theorem lemma3p4:
  fixes TO :: "'a set \<Rightarrow> 'a rel \<Rightarrow> 'b set"
    and TR :: "'a set \<Rightarrow> 'a rel \<Rightarrow> 'b rel"
    and TM :: "'a set \<Rightarrow> 'a rel \<Rightarrow> 'a set \<Rightarrow> 'a rel \<Rightarrow> ('a \<Rightarrow> 'a) \<Rightarrow> 'b \<Rightarrow> 'b"
    and supp :: "'a set \<Rightarrow> 'a rel \<Rightarrow> 'b \<Rightarrow> 'a set"
    and A :: "'a set" and r :: "'a rel"
    and \<iota> :: "'a \<Rightarrow> 'b theta_term" and L :: "'a \<Rightarrow> nat"
  assumes "prae_dilator TO TR TM supp"
    and "BH_system TO supp A r \<iota> L"
  shows "strict_linear_order_on (theta_set TO A r)
           {(u, v). theta_less TO TR supp A r \<iota> u v}"
  using ranked_theta_system.strict_linear_order_theta_less[OF BH_system_ranked[OF assms]] .

end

-------

● How to complete this task
Can you restate every record above word for word?

● Written answer
theorem lemma3p4:
  fixes TO :: "'a set \<Rightarrow> 'a rel \<Rightarrow> 'b set"
    and TR :: "'a set \<Rightarrow> 'a rel \<Rightarrow> 'b rel"
    and TM :: "'a set \<Rightarrow> 'a rel \<Rightarrow> 'a set \<Rightarrow> 'a rel \<Rightarrow> ('a \<Rightarrow> 'a) \<Rightarrow> 'b \<Rightarrow> 'b"
    and supp :: "'a set \<Rightarrow> 'a rel \<Rightarrow> 'b \<Rightarrow> 'a set"
    and A :: "'a set" and r :: "'a rel"
    and \<iota> :: "'a \<Rightarrow> 'b theta_term" and L :: "'a \<Rightarrow> nat"
  assumes "prae_dilator TO TR TM supp"
    and "BH_system TO supp A r \<iota> L"
  shows "strict_linear_order_on (theta_set TO A r)
           {(u, v). theta_less TO TR supp A r \<iota> u v}"
  using ranked_theta_system.strict_linear_order_theta_less[OF BH_system_ranked[OF assms]] .

end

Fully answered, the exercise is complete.